#### [Problem to work on]
Each record below must be retyped exactly, with nothing left out.

#### [Data supplied]

Start of Block

(* Let $A^\infty$ be as in the context. Then (i) $(A^\infty,\ell^2(\mathbb{Z}_+),N)$, with $A^\infty$ acting by its defining representation in which $w|n\rangle=|n+1\rangle$, and (ii) $(A^\infty,\mathcal{H}_+,|D|)$, with $A^\infty$ acting on $\mathcal{H}_+$ via $w|l,m\rangle=|l+1,m+1\rangle$, are both regular spectral triples.
   Context: $\mathbb{N}=\{0,1,2,\dots\}$, $\mathbb{Z}_+=\{1,2,\dots\}$. On $\ell^2(\mathbb{Z}_+)$ with orthonormal basis $\{|n\rangle\}_{n\in\mathbb{Z}_+}$, $w$ is the unilateral shift $w|n\rangle=|n+1\rangle$ and $N|n\rangle=n|n\rangle$. $A^\infty$ is the set of operators $f=\sum_{n\in\mathbb{N}}(f_nw^n+f_{-n-1}(w^* )^{n+1})+\sum_{j,k\in\mathbb{N}}f_{jk}w^j(1-ww^* )(w^* )^k$ with $\{f_n\}_{n\in\mathbb{Z}}$ a rapid decay sequence and $\{f_{jk}\}$ a rapid decay matrix (i.e. $\sup(1+|n|)^p|f_n|<\infty$, $\sup(1+j+k)^p|f_{jk}|<\infty$ for all $p$); it is a $*$-algebra, and any such expression makes sense for any isometry $w$. $\mathcal{H}_+$ is the Hilbert space with orthonormal basis $|l,m\rangle$, $l\in\mathbb{N}+\tfrac12$, $m\in\{-l,-l+1,\dots,l\}$, and $|D|\,|l,m\rangle=(l+\tfrac12)|l,m\rangle$; the operator $|l,m\rangle\mapsto|l+1,m+1\rangle$ is an isometry, used as the image of $w$. A spectral triple $(A,\mathcal{H},D)$ (unital $*$-algebra $A$ of bounded operators, self-adjoint $D$ with compact resolvent and $[D,a]$ bounded for all $a\in A$) is regular if $A\cup[D,A]\subset\bigcap_{j\in\mathbb{N}}\mathrm{dom}\,\delta^j$, where $\delta(T)=[|D|,T]$. *)

theory Defs
  imports "HOL-Analysis.Analysis"
begin

section \<open>Operators on l2(I) given by their matrices in an orthonormal basis indexed by 'i\<close>

type_synonym 'i mat = "'i \<Rightarrow> 'i \<Rightarrow> complex"
type_synonym 'i vec = "'i \<Rightarrow> complex"

text \<open>The matrix M has operator norm at most C: its sesquilinear form on finitely
  supported vectors is bounded by C times the product of the l2 norms.\<close>
definition norm_le :: "'i mat \<Rightarrow> real \<Rightarrow> bool" where
  "norm_le M C \<longleftrightarrow> (\<forall>S x y. finite S \<longrightarrow>
      cmod (\<Sum>i\<in>S. \<Sum>j\<in>S. cnj (y i) * M i j * x j)
        \<le> C * sqrt (\<Sum>i\<in>S. (cmod (x i))\<^sup>2) * sqrt (\<Sum>i\<in>S. (cmod (y i))\<^sup>2))"

definition bounded_op :: "'i mat \<Rightarrow> bool" where
  "bounded_op M \<longleftrightarrow> (\<exists>C. norm_le M C)"

definition l2vec :: "'i vec \<Rightarrow> bool" where
  "l2vec u \<longleftrightarrow> (\<lambda>i. (cmod (u i))\<^sup>2) summable_on UNIV"

definition finite_rank :: "'i mat \<Rightarrow> bool" where
  "finite_rank K \<longleftrightarrow> (\<exists>n::nat. \<exists>u v :: nat \<Rightarrow> 'i vec.
      (\<forall>r<n. l2vec (u r) \<and> l2vec (v r)) \<and>
      (\<forall>i j. K i j = (\<Sum>r<n. u r i * cnj (v r j))))"

definition compact_op :: "'i mat \<Rightarrow> bool" where
  "compact_op M \<longleftrightarrow> bounded_op M \<and>
     (\<forall>\<epsilon>>0. \<exists>K. finite_rank K \<and> norm_le (\<lambda>i j. M i j - K i j) \<epsilon>)"

definition id_op :: "'i mat" where
  "id_op = (\<lambda>i j. if i = j then 1 else 0)"

definition adj_op :: "'i mat \<Rightarrow> 'i mat" where
  "adj_op M = (\<lambda>i j. cnj (M j i))"

definition mult_op :: "'i mat \<Rightarrow> 'i mat \<Rightarrow> 'i mat" where
  "mult_op M N = (\<lambda>i k. infsum (\<lambda>j. M i j * N j k) UNIV)"

text \<open>A self-adjoint operator D diagonal in the basis, D e_i = d i e_i (maximal domain).
  Its resolvent at the imaginary unit is the diagonal matrix 1/(d i - i).\<close>
definition compact_resolvent :: "('i \<Rightarrow> real) \<Rightarrow> bool" where
  "compact_resolvent d \<longleftrightarrow>
     compact_op (\<lambda>i j. if i = j then 1 / (complex_of_real (d i) - \<i>) else 0)"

End of Block

#### [Written solution]
(* Let $A^\infty$ be as in the context. Then (i) $(A^\infty,\ell^2(\mathbb{Z}_+),N)$, with $A^\infty$ acting by its defining representation in which $w|n\rangle=|n+1\rangle$, and (ii) $(A^\infty,\mathcal{H}_+,|D|)$, with $A^\infty$ acting on $\mathcal{H}_+$ via $w|l,m\rangle=|l+1,m+1\rangle$, are both regular spectral triples.
   Context: $\mathbb{N}=\{0,1,2,\dots\}$, $\mathbb{Z}_+=\{1,2,\dots\}$. On $\ell^2(\mathbb{Z}_+)$ with orthonormal basis $\{|n\rangle\}_{n\in\mathbb{Z}_+}$, $w$ is the unilateral shift $w|n\rangle=|n+1\rangle$ and $N|n\rangle=n|n\rangle$. $A^\infty$ is the set of operators $f=\sum_{n\in\mathbb{N}}(f_nw^n+f_{-n-1}(w^* )^{n+1})+\sum_{j,k\in\mathbb{N}}f_{jk}w^j(1-ww^* )(w^* )^k$ with $\{f_n\}_{n\in\mathbb{Z}}$ a rapid decay sequence and $\{f_{jk}\}$ a rapid decay matrix (i.e. $\sup(1+|n|)^p|f_n|<\infty$, $\sup(1+j+k)^p|f_{jk}|<\infty$ for all $p$); it is a $*$-algebra, and any such expression makes sense for any isometry $w$. $\mathcal{H}_+$ is the Hilbert space with orthonormal basis $|l,m\rangle$, $l\in\mathbb{N}+\tfrac12$, $m\in\{-l,-l+1,\dots,l\}$, and $|D|\,|l,m\rangle=(l+\tfrac12)|l,m\rangle$; the operator $|l,m\rangle\mapsto|l+1,m+1\rangle$ is an isometry, used as the image of $w$. A spectral triple $(A,\mathcal{H},D)$ (unital $*$-algebra $A$ of bounded operators, self-adjoint $D$ with compact resolvent and $[D,a]$ bounded for all $a\in A$) is regular if $A\cup[D,A]\subset\bigcap_{j\in\mathbb{N}}\mathrm{dom}\,\delta^j$, where $\delta(T)=[|D|,T]$. *)

theory Defs
  imports "HOL-Analysis.Analysis"
begin

section \<open>Operators on l2(I) given by their matrices in an orthonormal basis indexed by 'i\<close>

type_synonym 'i mat = "'i \<Rightarrow> 'i \<Rightarrow> complex"
type_synonym 'i vec = "'i \<Rightarrow> complex"

text \<open>The matrix M has operator norm at most C: its sesquilinear form on finitely
  supported vectors is bounded by C times the product of the l2 norms.\<close>
definition norm_le :: "'i mat \<Rightarrow> real \<Rightarrow> bool" where
  "norm_le M C \<longleftrightarrow> (\<forall>S x y. finite S \<longrightarrow>
      cmod (\<Sum>i\<in>S. \<Sum>j\<in>S. cnj (y i) * M i j * x j)
        \<le> C * sqrt (\<Sum>i\<in>S. (cmod (x i))\<^sup>2) * sqrt (\<Sum>i\<in>S. (cmod (y i))\<^sup>2))"

definition bounded_op :: "'i mat \<Rightarrow> bool" where
  "bounded_op M \<longleftrightarrow> (\<exists>C. norm_le M C)"

definition l2vec :: "'i vec \<Rightarrow> bool" where
  "l2vec u \<longleftrightarrow> (\<lambda>i. (cmod (u i))\<^sup>2) summable_on UNIV"

definition finite_rank :: "'i mat \<Rightarrow> bool" where
  "finite_rank K \<longleftrightarrow> (\<exists>n::nat. \<exists>u v :: nat \<Rightarrow> 'i vec.
      (\<forall>r<n. l2vec (u r) \<and> l2vec (v r)) \<and>
      (\<forall>i j. K i j = (\<Sum>r<n. u r i * cnj (v r j))))"

definition compact_op :: "'i mat \<Rightarrow> bool" where
  "compact_op M \<longleftrightarrow> bounded_op M \<and>
     (\<forall>\<epsilon>>0. \<exists>K. finite_rank K \<and> norm_le (\<lambda>i j. M i j - K i j) \<epsilon>)"

definition id_op :: "'i mat" where
  "id_op = (\<lambda>i j. if i = j then 1 else 0)"

definition adj_op :: "'i mat \<Rightarrow> 'i mat" where
  "adj_op M = (\<lambda>i j. cnj (M j i))"

definition mult_op :: "'i mat \<Rightarrow> 'i mat \<Rightarrow> 'i mat" where
  "mult_op M N = (\<lambda>i k. infsum (\<lambda>j. M i j * N j k) UNIV)"

text \<open>A self-adjoint operator D diagonal in the basis, D e_i = d i e_i (maximal domain).
  Its resolvent at the imaginary unit is the diagonal matrix 1/(d i - i).\<close>
definition compact_resolvent :: "('i \<Rightarrow> real) \<Rightarrow> bool" where
  "compact_resolvent d \<longleftrightarrow>
     compact_op (\<lambda>i j. if i = j then 1 / (complex_of_real (d i) - \<i>) else 0)"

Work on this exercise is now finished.